Segment Start: DATA FOR ANALYSIS

text \<open>Multiplication by a permutes the nonzero residue classes.\<close>
lemma unit_power_card_minus_one:
  assumes a: "a \<noteq> 0" "v a = 0"
  shows "a ^ (q - 1) - 1 \<in> \<pp> 1"
proof -
  define S where "S = residue_field v - {residue v 0}"
  let ?f = "\<lambda>l. residue v (a * residue_rep l)"
  have finite_S: "finite S" using finite_residue_field by (simp add: S_def)
  have unit_iff: "z \<in> \<pp> 0 \<and> residue v z \<noteq> residue v 0 \<longleftrightarrow> z \<noteq> 0 \<and> v z = 0" for z
    using residue_eq_iff[of z 0] by (cases "z = 0") (auto simp: val_ideal_iff)
  have rep_unit: "residue_rep l \<noteq> 0 \<and> v (residue_rep l) = 0" if "l \<in> S" for l
    using residue_rep_lifts[of l] unit_iff that by (auto simp: S_def)
  have maps_to: "a * residue_rep l \<in> \<pp> 0 \<and> ?f l \<in> S" if "l \<in> S" for l
  proof -
    have "a * residue_rep l \<in> \<pp> 0" "residue v (a * residue_rep l) \<noteq> residue v 0"
      using unit_iff[of "a * residue_rep l"] rep_unit[OF that] a by (auto simp: val_mult)
    then show ?thesis using residue_field_iff by (auto simp: S_def)
  qed
  have bij: "bij_betw ?f S S"
  proof (rule residue_permutation)
    fix x y assume "a * x - a * y \<in> \<pp> 1"
    then show "x - y \<in> \<pp> 1"
      using val_ideal_mult_iff[OF a(1), of "x - y"] a(2) by (simp add: right_diff_distrib)
  qed (use maps_to in \<open>auto simp: S_def\<close>)
  have "prod (\<lambda>l. residue_rep (?f l)) S - prod (\<lambda>l. a * residue_rep l) S \<in> \<pp> 1"
  proof (rule prod_diff_in_val_ideal)
    fix l assume "l \<in> S"
    then have "?f l \<in> residue_field v" "a * residue_rep l \<in> \<pp> 0"
      using maps_to by (auto simp: S_def)
    then show "residue_rep (?f l) \<in> \<pp> 0 \<and> a * residue_rep l \<in> \<pp> 0 \<and>
        residue_rep (?f l) - a * residue_rep l \<in> \<pp> 1"
      using residue_rep_lifts residue_eq_iff by blast
  qed
  moreover have "prod (\<lambda>l. residue_rep (?f l)) S = prod residue_rep S"
    using prod.reindex_bij_betw[OF bij] .
  moreover have "card S = q - 1"
    unfolding S_def using residue_zero_in_residue_field finite_residue_field by simp
  then have "prod (\<lambda>l. a * residue_rep l) S = a ^ (q - 1) * prod residue_rep S"
    by (simp add: prod.distrib)
  ultimately have "prod residue_rep S * (1 - a ^ (q - 1)) \<in> \<pp> 1"
    by (simp add: algebra_simps)
  moreover have "prod residue_rep S \<noteq> 0" "v (prod residue_rep S) = 0"
    using rep_unit finite_S by (simp_all add: val_prod)
  ultimately show ?thesis
    using val_ideal_mult_iff val_ideal_diff_commute by simp
qed

text \<open>x^q - y^q = (x - y) * S, where S is a sum of q terms congruent to x^(q-1), and q lies in the
  maximal ideal.\<close>
lemma power_card_diff:
  assumes x: "x \<in> \<pp> 0" and y: "y \<in> \<pp> 0" and xy: "x - y \<in> \<pp> k" and k: "1 \<le> k"
  shows "x ^ q - y ^ q \<in> \<pp> (k + 1)"
proof -
  define S where "S = (\<Sum>i<q. y ^ (q - Suc i) * x ^ i)"
  have yx: "y - x \<in> \<pp> 1" using xy k val_ideal_mono val_ideal_diff_commute by blast
  have "(\<Sum>i<q. y ^ (q - Suc i) * x ^ i - x ^ (q - 1)) \<in> \<pp> 1"
  proof (rule val_ideal_sum)
    fix i assume i: "i \<in> {..<q}"
    then have "x ^ (q - Suc i) * x ^ i = x ^ (q - 1)" by (simp flip: power_add)
    then have "y ^ (q - Suc i) * x ^ i - x ^ (q - 1) = (y ^ (q - Suc i) - x ^ (q - Suc i)) * x ^ i"
      by (simp add: algebra_simps)
    then show "y ^ (q - Suc i) * x ^ i - x ^ (q - 1) \<in> \<pp> 1"
      using val_ideal_mult[OF power_diff_in_val_ideal[OF y x yx] val_ring_power[OF x]] by simp
  qed
  then have "S - of_nat q * x ^ (q - 1) \<in> \<pp> 1" by (simp add: S_def sum_subtractf)
  moreover have "of_nat q * x ^ (q - 1) \<in> \<pp> 1"
    using val_ideal_mult[OF card_residue_field_in_max_ideal val_ring_power[OF x]] by simp
  ultimately have "S \<in> \<pp> 1" using val_ideal_add by fastforce
  moreover have "x ^ q - y ^ q = (x - y) * S" unfolding S_def by (rule power_diff_sumr2)
  ultimately show ?thesis using val_ideal_mult[OF xy] by simp
qed

lemma val_limit_exists:
  assumes step: "\<And>n. s (Suc n) - s n \<in> \<pp> (int n + 1)"
  shows "\<exists>L. \<forall>n. s n - L \<in> \<pp> (int n + 1)"
proof -
  have chain: "s m - s n \<in> \<pp> (int n + 1)" if "n \<le> m" for m n
    using that
  proof (induction m rule: dec_induct)
    case (step m)
    have "s (Suc m) - s m \<in> \<pp> (int n + 1)"
      using val_ideal_mono[OF _ assms[of m]] \<open>n \<le> m\<close> by simp
    from val_ideal_add[OF this step.IH] show ?case by simp
  qed simp
  have conv_iff: "a = b \<or> N \<le> v (a - b) \<longleftrightarrow> a - b \<in> \<pp> N" for a b N
    by (simp add: val_ideal_def)
  have "val_cauchy v s"
    unfolding val_cauchy_def conv_iff
  proof (intro allI exI impI)
    fix N :: int and m n assume mn: "nat N \<le> m" "nat N \<le> n"
    show "s m - s n \<in> \<pp> N"
    proof (cases "n \<le> m")
      case True
      then show ?thesis using chain val_ideal_mono[of N "int n + 1"] mn by simp
    next
      case False
      then have "s n - s m \<in> \<pp> (int m + 1)" using chain by simp
      then show ?thesis using val_ideal_mono[of N "int m + 1"] mn val_ideal_diff_commute by simp
    qed
  qed
  then obtain L where "val_converges v s L" using complete val_complete_def by blast
  then have conv: "\<exists>M. \<forall>m\<ge>M. s m - L \<in> \<pp> N" for N
    unfolding val_converges_def conv_iff by blast
  have "s n - L \<in> \<pp> (int n + 1)" for n
  proof -
    obtain M where M: "\<forall>m\<ge>M. s m - L \<in> \<pp> (int n + 1)" using conv by blast
    have "s (max M n) - s n \<in> \<pp> (int n + 1)" using chain by simp
    from val_ideal_diff[OF M[rule_format, of "max M n"] this] show ?thesis by simp
  qed
  then show ?thesis by blast
qed

lemma teichmueller_lift_exists:
  assumes x: "x \<in> \<pp> 0" "x \<notin> \<pp> 1"
  shows "\<exists>L\<in>\<pp> 0. L ^ q = L \<and> L - x \<in> \<pp> 1"
proof -
  define s where "s n = x ^ (q ^ n)" for n
  have s_in: "s n \<in> \<pp> 0" for n
    unfolding s_def using val_ring_power[OF x(1)] .
  have s_Suc: "s (Suc n) = s n ^ q" for n
    unfolding s_def power_Suc2 power_mult ..
  have "s (Suc n) - s n \<in> \<pp> (int n + 1)" for n
  proof (induction n)
    case 0
    have "x \<noteq> 0" "v x = 0" using x val_ring_unit_iff by blast+
    then have "x * (x ^ (q - 1) - 1) \<in> \<pp> 1"
      using val_ideal_mult[OF x(1) unit_power_card_minus_one] by simp
    moreover have "x * (x ^ (q - 1) - 1) = x ^ q - x"
      using card_residue_field_pos by (simp add: algebra_simps flip: power_Suc)
    ultimately show ?case by (simp add: s_def)
  next
    case (Suc n)
    show ?case using power_card_diff[OF s_in s_in Suc] s_Suc by (simp add: add.commute)
  qed
  then obtain L where L: "\<And>n. s n - L \<in> \<pp> (int n + 1)"
    using val_limit_exists by blast
  have Lx: "L - x \<in> \<pp> 1" using L[of 0] val_ideal_diff_commute by (simp add: s_def)
  have L_in: "L \<in> \<pp> 0" using val_ideal_add[OF val_ideal_mono[OF _ Lx] x(1)] by simp
  have close: "L ^ q - L \<in> \<pp> (int n + 1)" for n
  proof -
    have "s n ^ q - L ^ q \<in> \<pp> (int n + 1)"
      using power_diff_in_val_ideal[OF s_in L_in L] .
    moreover have "s (Suc n) - L \<in> \<pp> (int n + 1)"
      using val_ideal_mono[OF _ L[of "Suc n"]] by simp
    ultimately have "(s (Suc n) - L) - (s n ^ q - L ^ q) \<in> \<pp> (int n + 1)"
      using val_ideal_diff by blast
    then show ?thesis by (simp add: s_Suc)
  qed
  have "L ^ q - L \<in> \<pp> k" for k
    using val_ideal_mono[OF _ close[of "nat k"]] by simp
  then have "L ^ q = L" using val_ideal_Inter[of "L ^ q - L"] by simp
  then show ?thesis using L_in Lx by blast
qed

lemma teichmueller_lift_unique:
  assumes y: "y \<in> \<pp> 0" "y ^ q = y" and z: "z \<in> \<pp> 0" "z ^ q = z" and yz: "y - z \<in> \<pp> 1"
  shows "y = z"
proof -
  have close: "y - z \<in> \<pp> (int n + 1)" for n
  proof (induction n)
    case (Suc n)
    then show ?case using power_card_diff[OF y(1) z(1) Suc] y(2) z(2) by (simp add: add.commute)
  qed (use yz in simp)
  have "y - z \<in> \<pp> k" for k
    using val_ideal_mono[OF _ close[of "nat k"]] by simp
  then show ?thesis using val_ideal_Inter[of "y - z"] by simp
qed

lemma power_card_eq_iff:
  fixes x :: 'a
  assumes "x \<noteq> 0"
  shows "x ^ q = x \<longleftrightarrow> x ^ (q - 1) = 1"
proof -
  have "x ^ q = x * x ^ (q - 1)" using card_residue_field_pos by (simp flip: power_Suc)
  then show ?thesis using mult_left_cancel[OF assms, of "x ^ (q - 1)" 1] by simp
qed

Segment End: DATA FOR ANALYSIS

— WHAT THE EXERCISE ASKS —
Copy the lines of the data above exactly as written, beginning with the line containing "qed (use maps_to" and ending with the line containing "fix l assume", and leave out all other lines.

— OUTPUT —
  qed (use maps_to in \<open>auto simp: S_def\<close>)
  have "prod (\<lambda>l. residue_rep (?f l)) S - prod (\<lambda>l. a * residue_rep l) S \<in> \<pp> 1"
  proof (rule prod_diff_in_val_ideal)
    fix l assume "l \<in> S"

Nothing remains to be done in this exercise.